The goal of logistic regression in statistics is different from that of logistic regression in machine learning. By default, there is a potential law in statistics. There are various restrictions in adjusting the model to meet the assumption conditions to find the potential law. However, machine learning is different; it is only concerned with the deviation between predicted and real values. Moreover, the integration algorithm adopted in this study considers more information gain when calculating. Thus, it naturally eliminates linear correlation, and also prevents non-linear correlation.

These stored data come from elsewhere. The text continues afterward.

lemma card_bad_tuples_le:
  assumes "prime p"
  shows "card {y \<in> PiE {0..<12} (\<lambda>_. {0..<p}). bad_tuple p y} \<le> 4 * p ^ 11"
proof -
  let ?P = "PiE {0..<12} (\<lambda>_. {0..<p})"
  define zeros where "zeros c G H = {y \<in> ?P. \<not> int p dvd G y \<and> int p dvd int (y c) * G y + H y}"
    for c and G H :: "(nat \<Rightarrow> nat) \<Rightarrow> int"
  let ?R = "tuple_row" and ?S = "tuple_row_slope" and ?O = "tuple_row_offset"
  define G1 where "G1 y = det4 (?R y 0) (?R y 1) (?R y 2) (?S y 3)" for y
  define H1 where "H1 y = det4 (?R y 0) (?R y 1) (?R y 2) (?O y 3)" for y
  define G2 where "G2 y = det4 (?R y 0) (?R y 1) (?S y 2) (?S y 3)" for y
  define H2 where "H2 y = det4 (?R y 0) (?R y 1) (?O y 2) (?S y 3)" for y
  define G3 where "G3 y = det4 (?R y 0) (?S y 1) (?S y 2) (?S y 3)" for y
  define H3 where "H3 y = det4 (?R y 0) (?O y 1) (?S y 2) (?S y 3)" for y
  define G4 where "G4 y = int (y 1) - int (y 2)" for y :: "nat \<Rightarrow> nat"
  define H4 where "H4 y = int (y 3) * int (y 6) - int (y 1) * int (y 6)
    + int (y 5) * int (y 2) - int (y 5) * int (y 3)" for y :: "nat \<Rightarrow> nat"
  \<comment> \<open>expanding along \<open>y 11\<close>, \<open>y 10\<close>, \<open>y 9\<close>, \<open>y 7\<close> in turn: a bad tuple makes some coefficient \<open>G\<close>
    a unit mod \<open>p\<close> and its variable a root of the corresponding affine form\<close>
  have expand: "config_det y = int (y 11) * G1 y + H1 y" "G1 y = int (y 10) * G2 y + H2 y"
      "G2 y = int (y 9) * G3 y + H3 y" "G3 y = (int (y 0) - int (y 4)) * (int (y 7) * G4 y + H4 y)"
    for y
    unfolding config_det_def G1_def H1_def G2_def H2_def G3_def H3_def
    by (simp_all only: tuple_row_affine[of y 3] tuple_row_affine[of y 2] tuple_row_affine[of y 1]
        tuple_row_affine[of y 0] det4_affine_row)
      (simp_all add: G4_def H4_def det4_def det3_def tuple_row_slope_def tuple_row_offset_def
        algebra_simps)
  have "{y \<in> ?P. bad_tuple p y} \<subseteq> zeros 11 G1 H1 \<union> zeros 10 G2 H2 \<union> zeros 9 G3 H3 \<union> zeros 7 G4 H4"
  proof
    fix y assume y: "y \<in> {y \<in> ?P. bad_tuple p y}"
    then have "y i < p" if "i < 12" for i using that by (auto simp: PiE_iff)
    then have "\<not> int p dvd int (y 0) - int (y 4)" "\<not> int p dvd G4 y"
      using y eq_of_dvd_diff_less[of "y 0" p "y 4"] eq_of_dvd_diff_less[of "y 1" p "y 2"]
      by (auto simp: bad_tuple_def G4_def)
    then show "y \<in> zeros 11 G1 H1 \<union> zeros 10 G2 H2 \<union> zeros 9 G3 H3 \<union> zeros 7 G4 H4"
      using y \<open>prime p\<close> by (auto simp: zeros_def bad_tuple_def expand prime_dvd_mult_iff)
  qed
  then have "card {y \<in> ?P. bad_tuple p y}
      \<le> card (zeros 11 G1 H1 \<union> zeros 10 G2 H2 \<union> zeros 9 G3 H3 \<union> zeros 7 G4 H4)"
    by (rule card_mono[rotated]) (simp add: zeros_def finite_PiE)
  also have "\<dots> \<le> card (zeros 11 G1 H1) + card (zeros 10 G2 H2) + card (zeros 9 G3 H3)
      + card (zeros 7 G4 H4)"
    by (intro order_trans[OF card_Un_le] add_right_mono card_Un_le)
  also have "\<dots> \<le> p ^ 11 + p ^ 11 + p ^ 11 + p ^ 11"
    unfolding zeros_def using \<open>prime p\<close>
    by (intro add_mono card_affine_zeros_le[where I = "{0..<12}", simplified])
      (simp_all add: G1_def H1_def G2_def H2_def G3_def H3_def G4_def H4_def tuple_row_def
        tuple_row_slope_def tuple_row_offset_def cong: if_cong)
  finally show ?thesis by simp
qed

In addition, variables are often screened with principal component analysis (Zhang & Castelló, 2017). However, principal component analysis is not always required in machine learning algorithms. It is used excessively to screen features. Doing so can omit important factors for outcome variables. In the real world, no clinical factor affecting prognosis should be ignored.
Accuracy | Precision | Recall | f1_score | Auc | MSE | |
---|---|---|---|---|---|---|
Decision Tree | 0.952 | 1.000 | 0.278 | 0.435 | 0.806 | 0.048 |
forest | 0.989 | 0.979 | 0.852 | 0.911 | 0.997 | 0.011 |
Gbdt | 0.946 | 1.000 | 0.185 | 0.312 | 0.963 | 0.054 |
gbm | 0.970 | 1.000 | 0.537 | 0.699 | 0.999 | 0.030 |
Accuracy | Precision | Recall | f1_score | Auc | MSE | |
---|---|---|---|---|---|---|
Decision Tree | 0.909 | 0.091 | 0.043 | 0.059 | 0.628 | 0.091 |
forest | 0.929 | 0.333 | 0.087 | 0.138 | 0.662 | 0.071 |
Gbdt | 0.929 | 0.250 | 0.043 | 0.074 | 0.772 | 0.071 |
gbm | 0.932 | 0.333 | 0.043 | 0.077 | 0.725 | 0.068 |
This study has several limitations. Firstly, not all confounding factors could be controlled, as this was a retrospective study. Secondly, caution should be exercised in interpreting the study’s results since it was a single-center study in which all surgeries were performed by an experienced surgeon. Thirdly, the machine learning techniques’ performance may vary when applied to larger samples with different covariate distributions. This study only performed internal, and not external, verification. In addition, different parameters in machine learning can result in different AUC values. Corresponding models are needed for different occasions according to needs, and should not excessively prioritize AUC values. Furthermore, an exorbitant AUC value may be unsuitable, as the accuracy, precision and recall rates may fall to unacceptable levels. This would make models unreliable in real world applications when the AUC value is high. Although most of the important reported variables are not clinically modifiable, appropriate measures could be taken to personalize prevention based on AKI risk.
Conclusion
This study shows that all four machine learning techniques can predict AKI likelihood, among which GradientBoosting performs the best. At the same time, the Gbdt algorithm suggests that age, cholesterol, tumor size, surgery duration and PLT are the five most important weights for the likelihood of acute kidney injury after liver cancer resection.